Creating a new pool is very simple and as i don’t need redundancy on swap it will just be one “device”, actually a partition. Using unique hardware identifiers instead of device paths (e.g. “/dev/nvme0n1p3”) is quite helpful as PCIe enumeration and partition order may change.
$ zpool create -O normalization=formD -O sync=always swaps INTEL_SSDPED1D280GA_PHMXXX2301DU280CGN-part4
Now new virtual disks are created on this ZFS pool and get attached to their virtual machine.
$ zfs list
Replacing old swap and re-claiming that space for the root partition is easy if the VMs are using LVM.
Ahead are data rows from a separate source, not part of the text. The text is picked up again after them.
lemma mixed_stress_vol_eq:
  "(\<Sum>b\<in>UNIV. Tdu rho (g t) (n t) (s t) (u t) a b * vol (g t) b d e f)
     = (energy t + press t) * lower (g t) (u t) a * flux d e f t + press t * vol (g t) a d e f"
proof -
  have "(\<Sum>b\<in>UNIV. Tdu rho (g t) (n t) (s t) (u t) a b * vol (g t) b d e f)
     = (\<Sum>b\<in>UNIV. (energy t + press t) * lower (g t) (u t) a * (u t $ b * vol (g t) b d e f)
          + (if a = b then press t * vol (g t) b d e f else 0))"
    unfolding Tdu_eq[OF metric_invertible metric_symmetric] energy_def press_def
    by (intro sum.cong) (auto simp: algebra_simps)
  then show ?thesis unfolding flux_def by (simp add: sum.distrib sum_distrib_left)
qed

lemma deriv_mixed_stress_vol:
  "deriv (\<lambda>t. \<Sum>b\<in>UNIV. Tdu rho (g t) (n t) (s t) (u t) a b * vol (g t) b d e f) l
     = (deriv energy l + deriv press l) * lower (g l) (u l) a * flux d e f l
       + (energy l + press l) * (deriv (\<lambda>t. lower (g t) (u t) a) l * flux d e f l
                                 + lower (g l) (u l) a * deriv (flux d e f) l)
       + deriv press l * vol (g l) a d e f + press l * vol (g l) a d e f * trace_dg l / 2"
proof -
  have energy': "(energy has_real_derivative deriv energy l) (at l)"
    unfolding DERIV_deriv_iff_has_field_derivative using energy_has_derivative by blast
  have lower': "((\<lambda>t. lower (g t) (u t) a) has_real_derivative
      deriv (\<lambda>t. lower (g t) (u t) a) l) (at l)"
    unfolding DERIV_deriv_iff_has_field_derivative using lower_has_derivative by blast
  have volume': "((\<lambda>t. sqrt_det t * levi a d e f) has_real_derivative
      sqrt_det l * trace_dg l / 2 * levi a d e f) (at l)"
    by (rule DERIV_cmult_right[OF sqrt_det_has_derivative])
  show ?thesis
    unfolding mixed_stress_vol_eq unfolding vol_eq_sqrt_det
    by (simp only: DERIV_imp_deriv[OF DERIV_add[OF
          DERIV_mult[OF DERIV_mult[OF DERIV_add[OF energy' press_has_derivative] lower']
            flux_has_derivative]
          DERIV_mult[OF press_has_derivative volume']]])
      (simp add: algebra_simps)
qed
/dev/sdb is the new virtual device available to the VM, stored at the ZFS “swaps” pool on Optane.
Add the new swap space to LVM:
$ pvcreate /dev/sdb
Create the swap file system and use the UUID as device identifier in
$ mkswap /dev/vm-optane/swap
Disable and remove the old swap partition:
$ swapoff /dev/vm-system/swap
Extend the root partition and file system to use the free’d up space:
$ lvextend -l +100%FREE /dev/vm-system/root
…and reboot the VM, just to be sure the file system is undamaged.